Да, идея внутренней эмиграции в ту пору не только носилась в воздухе, но и была для многих образцом поведения. Почему-то мы не задумывались о том, что реальных образцов, кроме нас самих, для такого образа жизни не было. А практическая реализация этой идеи, нежелания идти на компромиссы с властью и идеологией, проявлялась в том, что мы выбирали для себя максимально изолированные от них профессии – бойлерщика, дворника, ночного сторожа, рабочего сцены, участника дальних экспедиций. О том, чтобы с такой биографией создать семью или карьеру, думать не приходилось, но мы в свои 20-25 лет не очень-то о таких вещах и думали. И уж совсем такая жизнь не сопрягалась с обучением в советских вузах – и меня, и почти всех моих друзей оттуда регулярно исключали. Но мы, пока были молоды, не очень этим печалились.
Атмосфера ненависти дает только две возможности – либо уйти не оглядываясь, либо оставаться и сопротивляться
Впрочем, даже на этом коротком отрезке времени мы могли духовно воспарять над реальностью лишь благодаря специфике эпохи, которую недаром впоследствии окрестили "застоем". Мы плохо разбирались в экономических механизмах, которые в конечном счете смели советский режим и развалили империю, но снаружи казалось, что рутина этой жизни установилась навсегда, и у нас была возможность выработать определенные правила игры с ней. Мы знали, какую черту не следовало переступать, а власти было лень устраивать вылазки за эту черту, она в основном дремала, положив беззубую голову на лапы. Но помимо этих молчаливо признанных правил было еще и граничное условие: эмиграция как таковая была для большинства за пределами возможностей и воображения, а тем, у кого возможность временами появлялась, приходилось учитывать связанные с ней жизненные осложнения – иногда надолго, в моем случае на год. При этом отъезд был для многих из нас репетицией смерти, утратой надежды когда-либо вновь свидеться с родными и друзьями.

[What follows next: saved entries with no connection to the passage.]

lemma closed_walk_periodic:
  assumes nb: "non_backtracking f" and n: "3 \<le> n" "inj_on f {..<n}" "f n = f 0"
  shows "f (k mod n) = f k"
proof -
  have adj: "E (f k) (f (Suc k))" for k
    using nb by (simp add: non_backtracking_def)
  define m where "m = n - 2"
  have m: "n = Suc (Suc m)" using n(1) by (simp add: m_def)
  have "f (Suc 0) \<noteq> f (Suc m)"
    using inj_onD[OF n(2), of "Suc 0" "Suc m"] n(1) m by auto
  then have "f (Suc n) = f (Suc 0)"
    using non_backtracking_next[OF nb, of "Suc m" "f (Suc 0)"] adj[of 0] n(3) m by simp
  then have shift: "f (k + n) = f k \<and> f (Suc k + n) = f (Suc k)" for k
  proof (induction k)
    case (Suc k)
    then show ?case
      using non_backtracking_next[OF nb, of "k + n" "f (Suc (Suc k))"] nb n(3)
      by (simp add: non_backtracking_def)
  qed (use n(3) in simp)
  have "f (r + q * n) = f r" for r q
  proof (induction q)
    case (Suc q)
    then show ?case using shift[of "r + q * n"] by (simp add: ac_simps)
  qed simp
  from this[of "k mod n" "k div n"] show ?thesis
    by (simp only: mod_div_mult_eq)
qed

lemma closed_walk_neighbours:
  assumes nb: "non_backtracking f" and n: "3 \<le> n" "inj_on f {..<n}" "f n = f 0"
  shows "E (f k) y \<longleftrightarrow> y = f (Suc k) \<or> y = f (k + n - 1)"
proof -
  have adj: "E (f k) (f (Suc k))" and turn: "f (Suc (Suc k)) \<noteq> f k" for k
    using nb by (simp_all add: non_backtracking_def)
  have shift: "f (k + n) = f k" for k
    using closed_walk_periodic[OF assms, of "k + n"] closed_walk_periodic[OF assms, of k] by simp
  have "Suc (k + n - 1) = k + n" "Suc (Suc (k + n - 1)) = Suc k + n" using n(1) by simp_all
  then have "E (f k) (f (k + n - 1))" "f (Suc k) \<noteq> f (k + n - 1)"
    using E_sym[OF adj[of "k + n - 1"]] turn[of "k + n - 1"] shift[of k] shift[of "Suc k"]
    by simp_all
  then show ?thesis using neighbour_cases[OF adj[of k]] adj[of k] by blast
qed

theorem is_cycle_if_connected:
  assumes connected: "\<And>C. C \<subseteq> V \<Longrightarrow> C \<noteq> {} \<Longrightarrow> \<forall>x\<in>C. \<forall>y. E x y \<longrightarrow> y \<in> C \<Longrightarrow> C = V"
    and "V \<noteq> {}"
  shows "is_cycle V {{x, y} | x y. E x y} (card V)"
proof -
  obtain x0 x1 where "E x0 x1" using \<open>V \<noteq> {}\<close> two_neighbours by blast
  then obtain f where nb: "non_backtracking f" using non_backtracking_walk_exists by blast
  then obtain n where n: "3 \<le> n" "inj_on f {..<n}" "f n = f 0" by (rule non_backtracking_closes)
  note periodic = closed_walk_periodic[OF nb n] and nbrs = closed_walk_neighbours[OF nb n]
  have image: "f ` {..<n} = range f"
    using periodic n(1) by (auto intro!: image_eqI[of _ f "_ mod n"])
  have "f ` {..<n} = V"
  proof (rule connected)
    show "f ` {..<n} \<subseteq> V" using nbrs E_in_V by blast
    show "\<forall>x\<in>f ` {..<n}. \<forall>y. E x y \<longrightarrow> y \<in> f ` {..<n}"
      unfolding image using nbrs by blast
  qed (use n(1) in \<open>auto simp: lessThan_empty_iff\<close>)
  then have bij: "bij_betw f {0..<n} V" and card: "card V = n"
    using n(2) by (auto simp: bij_betw_def card_image atLeast0LessThan)
  have "{{x, y} | x y. E x y} = {{f i, f ((i + 1) mod n)} | i. i < n}"
  proof (intro equalityI subsetI)
    fix e assume "e \<in> {{x, y} | x y. E x y}"
    then obtain i y where e: "e = {f i, y}" "E (f i) y" "i < n"
      using \<open>f ` {..<n} = V\<close> E_in_V by blast
    show "e \<in> {{f i, f ((i + 1) mod n)} | i. i < n}"
    proof (cases "y = f (Suc i)")
      case True
      then show ?thesis using e periodic[of "Suc i"] by auto
    next
      case False
      define j where "j = (i + n - 1) mod n"
      have "(j + 1) mod n = i" using e(3) n(1) by (simp add: j_def mod_Suc_eq)
      moreover have "y = f j" using nbrs e(2) False periodic by (simp add: j_def)
      ultimately have "e = {f j, f ((j + 1) mod n)}" using e by (simp add: insert_commute)
      moreover have "j < n" using n(1) by (simp add: j_def)
      ultimately show ?thesis by blast
    qed
  next
    fix e assume "e \<in> {{f i, f ((i + 1) mod n)} | i. i < n}"
    then obtain i where "e = {f i, f ((i + 1) mod n)}" by blast
    then have "e = {f i, f (Suc i)}" using periodic[of "Suc i"] by simp
    then show "e \<in> {{x, y} | x y. E x y}" using nbrs by blast
  qed
  with bij card n(1) show ?thesis by (auto simp: is_cycle_def)
qed

end

section \<open>Spines and wings of a \<open>(K\<^sub>4-e)\<close>-design\<close>

definition spine_of :: "'a block \<Rightarrow> 'a set" where
  "spine_of = (\<lambda>(a, b, c, d). {a, b})"

definition wings_of :: "'a block \<Rightarrow> 'a set" where
  "wings_of = (\<lambda>(a, b, c, d). {c, d})"

lemma spine_of_in_block_edges: "spine_of \<beta> \<in> block_edges \<beta>"
  by (cases \<beta>) (simp add: block_edges_def spine_of_def)

lemma block_edges_eq:
  "{a, b} = {x, y} \<Longrightarrow> {c, d} = {z, u} \<Longrightarrow>
    block_edges (a, b, c, d) = {{x, y}, {x, z}, {x, u}, {y, z}, {y, u}}"
  by (auto simp: block_edges_def doubleton_eq_iff insert_commute)

locale K4e_design_order =
  fixes X :: "'a set" and B :: "'a block set" and v :: nat
  assumes design: "K4e_design X B v"
begin

lemma finite_X: "finite X" and card_X: "card X = v"
  using design by (auto simp: K4e_design_def)

lemma block_vertices:
  "(a, b, c, d) \<in> B \<Longrightarrow> a \<in> X \<and> b \<in> X \<and> c \<in> X \<and> d \<in> X \<and>
    a \<noteq> b \<and> a \<noteq> c \<and> a \<noteq> d \<and> b \<noteq> c \<and> b \<noteq> d \<and> c \<noteq> d"
  using design by (fastforce simp: K4e_design_def block_verts_def)

lemma finite_B: "finite B"
proof (rule finite_subset)
  show "B \<subseteq> X \<times> X \<times> X \<times> X" using block_vertices by auto
qed (simp add: finite_X)

lemma edge_in_unique_block:
  "x \<in> X \<Longrightarrow> y \<in> X \<Longrightarrow> x \<noteq> y \<Longrightarrow> \<exists>!\<beta>. \<beta> \<in> B \<and> {x, y} \<in> block_edges \<beta>"
  using design by (auto simp: K4e_design_def)

lemma block_eq_if_common_edge:
  assumes "\<beta> \<in> B" "\<beta>' \<in> B" "{p, q} \<in> block_edges \<beta>" "{p, q} \<in> block_edges \<beta>'" "p \<noteq> q"
  shows "\<beta> = \<beta>'"
proof -
  obtain a b c d where "\<beta> = (a, b, c, d)" by (cases \<beta>) auto
  with assms(1,3) have "p \<in> X \<and> q \<in> X"
    using block_vertices by (auto simp: block_edges_def doubleton_eq_iff)
  with assms show ?thesis using edge_in_unique_block by blast
qed

text \<open>\<open>is_block x y z u\<close>: \<open>B\<close> contains \<open>[x,y,z-u]\<close> up to the symmetries of \<open>K\<^sub>4-e\<close>.
  Then \<open>spine\<close> is the graph \<open>D\<close>, and \<open>wing x w\<close> says that \<open>w\<close> has degree 2 in a block in
  which \<open>x\<close> has degree 3.\<close>

definition is_block :: "'a \<Rightarrow> 'a \<Rightarrow> 'a \<Rightarrow> 'a \<Rightarrow> bool" where
  "is_block x y z u \<longleftrightarrow> (\<exists>\<beta>\<in>B. spine_of \<beta> = {x, y} \<and> wings_of \<beta> = {z, u})"
lemma eventually_union_bound_le_inverse_square:
  fixes \<delta> a :: real
  assumes \<delta>: "0 < \<delta>" "\<delta> < 1/6" and a: "0 < a"
  shows "\<forall>\<^sub>F N in sequentially.
    2 ^ N * real N ^ (nat \<lfloor>real N powr (3*\<delta>)\<rfloor> * nat \<lfloor>real N powr (3*\<delta>)\<rfloor>)
      * (2 * exp (-((a * real N powr (1/2 - \<delta>))^2)/4)) ^ nat \<lfloor>real N powr (3*\<delta>)\<rfloor>
    \<le> inverse (real N ^ 2)"
proof -
  have "\<forall>\<^sub>F N in sequentially. real N * ln 2 + real N powr (6*\<delta>) * ln N + real N powr (3*\<delta>) * ln 2
      - (a^2/8) * real N powr (1+\<delta>) \<le> - 2 * ln N"
    using \<delta> a by real_asymp
  with eventually_ge_at_top[of 1] show ?thesis
  proof eventually_elim
    case (elim N)
    define K where "K = real N powr (3*\<delta>)"
    define t where "t = a * real N powr (1/2 - \<delta>)"
    define k where "k = nat \<lfloor>K\<rfloor>"
    have "K \<ge> 1" unfolding K_def using elim \<delta> by (intro ge_one_powr_ge_zero) auto
    then have "real k = \<lfloor>K\<rfloor>" "1 \<le> \<lfloor>K\<rfloor>" unfolding k_def by simp_all
    then have k: "K / 2 \<le> k" "k \<le> K"
      using real_of_int_floor_gt_diff_one[of K] of_int_floor_le[of K] by linarith+
    have "t^2 = a^2 * real N powr (1 - 2*\<delta>)"
      unfolding t_def by (simp add: power_mult_distrib power2_eq_square flip: powr_add)
    then have "K * t^2 / 8 = (a^2/8) * real N powr (1+\<delta>)"
      unfolding K_def by (simp add: add.commute flip: powr_add)
    have "K^2 = real N powr (6*\<delta>)"
      unfolding K_def by (simp add: power2_eq_square flip: powr_add)
    have "2 ^ N * real N ^ (k * k) * (2 * exp (-(t^2)/4)) ^ k
        \<le> exp (N * ln 2 + K^2 * ln N + K * ln 2 - K * t^2 / 8)"
      by (rule union_bound_le_exp[OF elim(1) k])
    also have "\<dots> \<le> exp (- 2 * ln N)"
      using elim(2) \<open>K^2 = _\<close> \<open>K * t^2 / 8 = _\<close> unfolding K_def by simp
    also have "\<dots> = inverse (real N ^ 2)"
      using elim(1) by (simp add: exp_minus exp_double)
    finally show ?case unfolding k_def K_def t_def .
  qed
qed

locale hcube_gaussian_field = prob_space +
  fixes E :: "nat \<Rightarrow> int list \<Rightarrow> 'a \<Rightarrow> real"
  assumes indep: "indep_vars (\<lambda>_. borel) (\<lambda>(N, x). E N x) gidx"
    and std_normal: "\<And>N x. (N, x) \<in> gidx \<Longrightarrow> distributed M lborel (E N x) std_normal_density"
begin

definition spheres_exceed_at :: "nat \<Rightarrow> nat \<Rightarrow> real \<Rightarrow> int list \<Rightarrow> 'a set" where
  "spheres_exceed_at N k t x = {\<omega>\<in>space M. \<forall>r\<in>{1..k}. \<exists>y\<in>hsphere N x r. t < E N y \<omega>}"

definition spheres_exceed_somewhere :: "nat \<Rightarrow> nat \<Rightarrow> real \<Rightarrow> 'a set" where
  "spheres_exceed_somewhere N k t = (\<Union>x\<in>hcube N. spheres_exceed_at N k t x)"

lemma sets_spheres_exceed_at:
  assumes "1 \<le> N"
  shows "spheres_exceed_at N k t x \<in> events"
proof -
  have "{\<omega>\<in>space M. t < E N y \<omega>} \<in> events" if "y \<in> hcube N" for y
  proof -
    have "random_variable borel (E N y)"
      using distributed_measurable[OF std_normal[of N y]] that assms by (simp add: gidx_def)
    then show ?thesis by measurable
  qed
  then show ?thesis
    unfolding spheres_exceed_at_def
    by (intro sets.sets_Collect_finite_All sets.sets_Collect_finite_Ex) (auto simp: hsphere_def)
qed

lemma sets_spheres_exceed_somewhere: "1 \<le> N \<Longrightarrow> spheres_exceed_somewhere N k t \<in> events"
  unfolding spheres_exceed_somewhere_def by (intro sets.finite_UN sets_spheres_exceed_at) auto

lemma prob_spheres_exceed_at_le:
  assumes N: "1 \<le> N" and x: "x \<in> hcube N" and t: "0 \<le> t"
  shows "prob (spheres_exceed_at N k t x) \<le> real N ^ (k * k) * (2 * exp (-(t^2)/4)) ^ k"
proof -
  define S where "S r = Pair N ` hsphere N x r" for r
  have "spheres_exceed_at N k t x
      = {\<omega>\<in>space M. \<forall>r\<in>{1..k}. \<exists>i\<in>S r. t < (\<lambda>(N, x). E N x) i \<omega>}"
    by (simp add: spheres_exceed_at_def S_def)
  also have "prob \<dots> \<le> (\<Prod>r\<in>{1..k}. real (card (S r))) * (2 * exp (-(t^2)/4)) ^ card {1..k}"
  proof (rule prob_every_block_exceeds_le[OF indep])
    show "finite (S r) \<and> S r \<subseteq> gidx" for r
      using N by (auto simp: S_def gidx_def hsphere_def)
    show "disjoint_family_on S {1..k}"
      by (auto simp: disjoint_family_on_def S_def hsphere_def)
    show "prob {\<omega>\<in>space M. t < (\<lambda>(N, x). E N x) i \<omega>} \<le> 2 * exp (-(t^2)/4)" if "i \<in> gidx" for i
      using prob_std_normal_greater_le[OF std_normal t] that by (cases i) auto
  qed simp
  also have "(\<Prod>r\<in>{1..k}. real (card (S r))) \<le> (\<Prod>r\<in>{1..k}. real N ^ k)"
  proof (intro prod_mono conjI)
    fix r assume r: "r \<in> {1..k}"
    have "card (S r) \<le> N ^ r"
      unfolding S_def using card_hsphere_le[OF x] by (simp add: card_image inj_on_def)
    also have "\<dots> \<le> N ^ k" using r N by (intro power_increasing) auto
    finally show "real (card (S r)) \<le> real N ^ k" by (simp flip: of_nat_power)
  qed simp
  finally show ?thesis by (simp add: power_mult)
qed

lemma prob_spheres_exceed_somewhere_le:
  assumes N: "1 \<le> N" and t: "0 \<le> t"
  shows "prob (spheres_exceed_somewhere N k t) \<le> 2 ^ N * real N ^ (k * k) * (2 * exp (-(t^2)/4)) ^ k"
proof -
  have "prob (spheres_exceed_somewhere N k t) \<le> (\<Sum>x\<in>hcube N. prob (spheres_exceed_at N k t x))"
    unfolding spheres_exceed_somewhere_def using N by (intro measure_UNION_le sets_spheres_exceed_at) auto
  also have "\<dots> \<le> (\<Sum>x\<in>hcube N. real N ^ (k * k) * (2 * exp (-(t^2)/4)) ^ k)"
    using N t by (intro sum_mono prob_spheres_exceed_at_le)
  finally show ?thesis by (simp add: card_hcube)
qed

lemma summable_prob_spheres_exceed_somewhere:
  assumes \<delta>: "0 < \<delta>" "\<delta> < 1/6" and a: "0 < a"
  shows "summable (\<lambda>N. prob (spheres_exceed_somewhere N
    (nat \<lfloor>real N powr (3*\<delta>)\<rfloor>) (a * real N powr (1/2 - \<delta>))))"
proof (rule summable_comparison_test_ev)
  show "summable (\<lambda>N. inverse (real N ^ 2))" by (simp add: inverse_power_summable)
  from eventually_ge_at_top[of 1] eventually_union_bound_le_inverse_square[OF \<delta> a]
  show "\<forall>\<^sub>F N in sequentially. norm (prob (spheres_exceed_somewhere N
    (nat \<lfloor>real N powr (3*\<delta>)\<rfloor>) (a * real N powr (1/2 - \<delta>)))) \<le> inverse (real N ^ 2)"
    by eventually_elim (use a in \<open>auto intro: order_trans[OF prob_spheres_exceed_somewhere_le]\<close>)
qed

lemma AE_eventually_radii_below:
  assumes \<delta>: "0 < \<delta>" "\<delta> < 1/6" and a: "0 < a"
  shows "AE \<omega> in M. \<forall>\<^sub>F N in sequentially. \<exists>\<rho> :: int list \<Rightarrow> nat. \<forall>x\<in>hcube N.
    1 \<le> \<rho> x \<and> real (\<rho> x) \<le> real N powr (3*\<delta>) \<and>
    (\<forall>y\<in>hsphere N x (\<rho> x). E N y \<omega> \<le> a * real N powr (1/2 - \<delta>))"
proof -
  define k where "k N = nat \<lfloor>real N powr (3*\<delta>)\<rfloor>" for N :: nat
  define t where "t N = a * real N powr (1/2 - \<delta>)" for N :: nat
  have k_le: "real r \<le> real N powr (3*\<delta>)" if "r \<le> k N" for r N
    using that of_nat_floor[of "real N powr (3*\<delta>)"] unfolding k_def
    by (meson of_nat_mono order_trans powr_ge_zero)
  \<comment> \<open>Borel-Cantelli is applied to the shifted sequence, since E 0 is unconstrained.\<close>
  have "summable (\<lambda>N. prob (spheres_exceed_somewhere N (k N) (t N)))"
    using summable_prob_spheres_exceed_somewhere[OF \<delta> a] unfolding k_def t_def .
  then have "summable (\<lambda>n. prob (spheres_exceed_somewhere (Suc n) (k (Suc n)) (t (Suc n))))"
    by (subst summable_Suc_iff)
  then have "AE \<omega> in M. \<forall>\<^sub>F n in sequentially.
      \<omega> \<in> space M - spheres_exceed_somewhere (Suc n) (k (Suc n)) (t (Suc n))"
    by (intro borel_cantelli_AE1 sets_spheres_exceed_somewhere) (simp_all add: emeasure_eq_measure)
  then show ?thesis
  proof (rule eventually_mono)
    fix \<omega> assume "\<forall>\<^sub>F n in sequentially.
      \<omega> \<in> space M - spheres_exceed_somewhere (Suc n) (k (Suc n)) (t (Suc n))"
    then have "\<forall>\<^sub>F N in sequentially. \<omega> \<in> space M - spheres_exceed_somewhere N (k N) (t N)"
      by (rule eventually_sequentially_Suc [THEN iffD1])
    then show "\<forall>\<^sub>F N in sequentially. \<exists>\<rho> :: int list \<Rightarrow> nat. \<forall>x\<in>hcube N.
      1 \<le> \<rho> x \<and> real (\<rho> x) \<le> real N powr (3*\<delta>) \<and>
      (\<forall>y\<in>hsphere N x (\<rho> x). E N y \<omega> \<le> a * real N powr (1/2 - \<delta>))"
    proof (rule eventually_mono)
      fix N assume "\<omega> \<in> space M - spheres_exceed_somewhere N (k N) (t N)"
      then have "\<forall>x\<in>hcube N. \<exists>r. r \<in> {1..k N} \<and> (\<forall>y\<in>hsphere N x r. E N y \<omega> \<le> t N)"
        by (fastforce simp: spheres_exceed_somewhere_def spheres_exceed_at_def not_less)
      then show "\<exists>\<rho> :: int list \<Rightarrow> nat. \<forall>x\<in>hcube N.
        1 \<le> \<rho> x \<and> real (\<rho> x) \<le> real N powr (3*\<delta>) \<and>
        (\<forall>y\<in>hsphere N x (\<rho> x). E N y \<omega> \<le> a * real N powr (1/2 - \<delta>))"
        unfolding t_def by (intro bchoice) (meson atLeastAtMost_iff k_le)
    qed
  qed
qed
end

Внутренняя эмиграция, таким образом, никогда не была результатом свободного выбора, это была навязанная модель поведения, реализовать которую на протяжении всей жизни не мог практически никто. В своих основных чертах она была как бы тенью реальной эмиграции: либо ты успешно выживаешь путем ассимиляции, и тогда проблема отпадает вообще, либо ты не принимаешь предложенные условия, и тогда твоя судьба незавидна. Беда в том, что ассимиляция в этих условиях была равносильна либо капитуляции, либо шизофреническому двоемыслию: в своем кругу я помню доцента марксизма, который на кухне за рюмкой поносил советскую власть не хуже нашего, а на службе и партсобраниях, надо полагать, придерживался иной доктрины.
Но если даже в тех условиях позиция в стороне от схватки была утопией, сегодня она упирается в непреодолимые логические противоречия. О застое можно только мечтать, страна охвачена реваншистским и расистским угаром, братоубийственной рознью, а правила игры меняются не просто день ото дня, но зачастую прямо в ходе партии, когда вдруг ты оказываешься перед неожиданным и вынужденным ходом – можно попытаться его пропустить в надежде, что никто не заметит, но и такой пропущенный ход теперь засчитывается.
Делает ли это идею эмиграции неотвратимой, пусть и осуществимой не для всех, кто о ней задумывается? И нет ли у меня в этой игре своего скрытого интереса? В конце концов, я провел большую часть жизни в эмиграции и, похоже, подбиваю к этому других, чтобы не оказаться в дураках в одиночку. Но я, во-первых, ни разу не пожалел о своем выборе сорокалетней давности, а во-вторых, в силу своих литературных занятий очень заинтересован в том, чтобы моя читательская аудитория не редела, а в эмиграции это гарантия. Но надо хорошо понимать, что атмосфера ненависти дает только две возможности – либо уйти не оглядываясь, либо оставаться и сопротивляться. Спрятаться с головой под одеяло уже не получится.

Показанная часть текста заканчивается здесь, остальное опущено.